WHAT NEEDS TO BE DONE
Within the data that follows, set down exactly the lines from the one containing "(\<lambda>i. indicator_row n (\<lambda>j. \<not>" through the one containing "K \<Longrightarrow> indicator_row n (\<lambda>j. bit", both ends included.

+--

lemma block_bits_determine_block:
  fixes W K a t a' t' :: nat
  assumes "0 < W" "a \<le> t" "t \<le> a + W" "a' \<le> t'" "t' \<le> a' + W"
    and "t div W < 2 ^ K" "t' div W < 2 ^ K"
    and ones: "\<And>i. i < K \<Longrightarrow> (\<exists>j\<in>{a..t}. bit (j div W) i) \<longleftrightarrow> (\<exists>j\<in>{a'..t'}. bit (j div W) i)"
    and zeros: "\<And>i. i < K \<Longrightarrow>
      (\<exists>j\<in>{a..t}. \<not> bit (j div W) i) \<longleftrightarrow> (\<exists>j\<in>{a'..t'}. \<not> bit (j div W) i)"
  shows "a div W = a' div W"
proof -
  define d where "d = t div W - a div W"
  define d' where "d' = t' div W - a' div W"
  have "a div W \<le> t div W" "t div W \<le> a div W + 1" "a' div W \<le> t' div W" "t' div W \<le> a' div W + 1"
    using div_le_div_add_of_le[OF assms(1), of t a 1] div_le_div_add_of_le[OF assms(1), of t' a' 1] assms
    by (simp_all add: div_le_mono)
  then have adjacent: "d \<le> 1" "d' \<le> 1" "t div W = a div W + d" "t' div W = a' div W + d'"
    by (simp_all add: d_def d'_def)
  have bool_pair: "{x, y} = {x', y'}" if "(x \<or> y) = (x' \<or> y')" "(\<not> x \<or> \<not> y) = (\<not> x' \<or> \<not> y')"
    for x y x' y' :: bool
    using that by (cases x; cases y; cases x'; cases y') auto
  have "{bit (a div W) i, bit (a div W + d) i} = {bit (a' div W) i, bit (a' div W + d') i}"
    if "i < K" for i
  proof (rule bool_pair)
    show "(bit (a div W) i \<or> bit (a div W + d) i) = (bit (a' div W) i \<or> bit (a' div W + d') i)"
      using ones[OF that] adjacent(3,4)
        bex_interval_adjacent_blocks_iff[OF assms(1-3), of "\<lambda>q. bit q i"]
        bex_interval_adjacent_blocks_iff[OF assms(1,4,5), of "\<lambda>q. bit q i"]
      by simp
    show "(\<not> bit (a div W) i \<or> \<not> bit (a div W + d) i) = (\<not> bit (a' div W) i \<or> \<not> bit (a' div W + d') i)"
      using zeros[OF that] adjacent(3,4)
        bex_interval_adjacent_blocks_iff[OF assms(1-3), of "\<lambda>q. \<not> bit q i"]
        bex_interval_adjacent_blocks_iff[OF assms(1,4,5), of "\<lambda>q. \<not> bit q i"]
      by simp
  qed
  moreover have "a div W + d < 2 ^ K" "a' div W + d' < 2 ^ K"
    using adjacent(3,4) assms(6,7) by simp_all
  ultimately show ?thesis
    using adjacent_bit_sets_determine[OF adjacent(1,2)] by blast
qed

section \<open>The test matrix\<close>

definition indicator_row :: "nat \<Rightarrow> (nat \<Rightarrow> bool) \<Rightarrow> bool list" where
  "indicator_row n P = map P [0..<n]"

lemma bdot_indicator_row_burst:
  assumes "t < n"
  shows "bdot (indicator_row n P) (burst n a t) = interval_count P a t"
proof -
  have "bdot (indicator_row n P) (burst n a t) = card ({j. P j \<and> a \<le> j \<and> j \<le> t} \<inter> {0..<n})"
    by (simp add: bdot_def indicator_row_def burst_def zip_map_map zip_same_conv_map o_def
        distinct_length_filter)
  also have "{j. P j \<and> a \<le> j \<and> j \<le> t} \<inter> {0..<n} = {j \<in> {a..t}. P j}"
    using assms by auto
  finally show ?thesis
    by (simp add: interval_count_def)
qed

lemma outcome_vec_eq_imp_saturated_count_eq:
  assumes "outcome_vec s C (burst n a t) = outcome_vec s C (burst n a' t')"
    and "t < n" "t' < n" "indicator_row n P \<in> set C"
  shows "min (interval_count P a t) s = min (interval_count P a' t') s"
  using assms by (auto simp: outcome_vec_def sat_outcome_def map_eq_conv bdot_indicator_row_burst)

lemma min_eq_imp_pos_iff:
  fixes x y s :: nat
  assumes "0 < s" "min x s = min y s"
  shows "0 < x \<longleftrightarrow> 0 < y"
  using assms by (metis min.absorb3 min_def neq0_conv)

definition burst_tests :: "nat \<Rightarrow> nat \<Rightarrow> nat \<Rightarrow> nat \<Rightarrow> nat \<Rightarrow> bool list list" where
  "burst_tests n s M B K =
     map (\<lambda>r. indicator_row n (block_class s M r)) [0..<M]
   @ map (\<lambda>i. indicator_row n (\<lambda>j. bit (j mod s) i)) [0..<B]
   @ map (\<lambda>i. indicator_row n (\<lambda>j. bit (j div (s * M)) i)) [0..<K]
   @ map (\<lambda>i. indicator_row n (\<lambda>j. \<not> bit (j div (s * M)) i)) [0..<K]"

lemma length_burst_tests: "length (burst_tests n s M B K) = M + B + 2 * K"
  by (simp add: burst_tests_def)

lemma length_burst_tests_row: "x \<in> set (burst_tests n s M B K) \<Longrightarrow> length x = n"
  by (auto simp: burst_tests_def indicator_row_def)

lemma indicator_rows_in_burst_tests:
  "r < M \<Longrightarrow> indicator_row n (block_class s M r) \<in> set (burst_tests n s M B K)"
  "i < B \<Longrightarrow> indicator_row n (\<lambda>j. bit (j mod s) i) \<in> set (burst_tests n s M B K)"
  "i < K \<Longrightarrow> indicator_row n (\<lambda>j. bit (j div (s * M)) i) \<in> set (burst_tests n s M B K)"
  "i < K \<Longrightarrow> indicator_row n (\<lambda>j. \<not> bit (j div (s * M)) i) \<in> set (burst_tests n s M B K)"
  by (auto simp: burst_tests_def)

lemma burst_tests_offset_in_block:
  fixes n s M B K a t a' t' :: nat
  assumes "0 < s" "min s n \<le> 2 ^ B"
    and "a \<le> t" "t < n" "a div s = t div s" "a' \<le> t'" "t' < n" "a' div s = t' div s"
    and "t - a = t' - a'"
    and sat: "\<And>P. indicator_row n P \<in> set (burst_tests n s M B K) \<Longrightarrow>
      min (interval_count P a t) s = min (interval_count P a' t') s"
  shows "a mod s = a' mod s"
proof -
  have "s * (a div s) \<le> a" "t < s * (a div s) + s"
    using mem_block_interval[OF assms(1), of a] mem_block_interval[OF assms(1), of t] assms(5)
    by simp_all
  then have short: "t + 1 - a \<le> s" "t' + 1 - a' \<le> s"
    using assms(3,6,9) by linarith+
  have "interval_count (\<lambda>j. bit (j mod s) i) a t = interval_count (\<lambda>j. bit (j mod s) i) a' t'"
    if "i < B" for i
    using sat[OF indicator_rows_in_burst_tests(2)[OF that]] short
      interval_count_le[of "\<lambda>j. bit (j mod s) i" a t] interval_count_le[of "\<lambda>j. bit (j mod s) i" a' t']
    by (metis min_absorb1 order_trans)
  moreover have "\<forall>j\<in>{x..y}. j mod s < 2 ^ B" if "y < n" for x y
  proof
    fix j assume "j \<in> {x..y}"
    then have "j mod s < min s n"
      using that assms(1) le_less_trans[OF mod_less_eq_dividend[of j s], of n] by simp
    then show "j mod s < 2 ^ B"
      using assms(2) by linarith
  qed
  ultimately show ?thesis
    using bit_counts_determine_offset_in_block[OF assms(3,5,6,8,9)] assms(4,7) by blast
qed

+--

RESPONSE AREA
   @ map (\<lambda>i. indicator_row n (\<lambda>j. \<not> bit (j div (s * M)) i)) [0..<K]"

lemma length_burst_tests: "length (burst_tests n s M B K) = M + B + 2 * K"
  by (simp add: burst_tests_def)

lemma length_burst_tests_row: "x \<in> set (burst_tests n s M B K) \<Longrightarrow> length x = n"
  by (auto simp: burst_tests_def indicator_row_def)

lemma indicator_rows_in_burst_tests:
  "r < M \<Longrightarrow> indicator_row n (block_class s M r) \<in> set (burst_tests n s M B K)"
  "i < B \<Longrightarrow> indicator_row n (\<lambda>j. bit (j mod s) i) \<in> set (burst_tests n s M B K)"
  "i < K \<Longrightarrow> indicator_row n (\<lambda>j. bit (j div (s * M)) i) \<in> set (burst_tests n s M B K)"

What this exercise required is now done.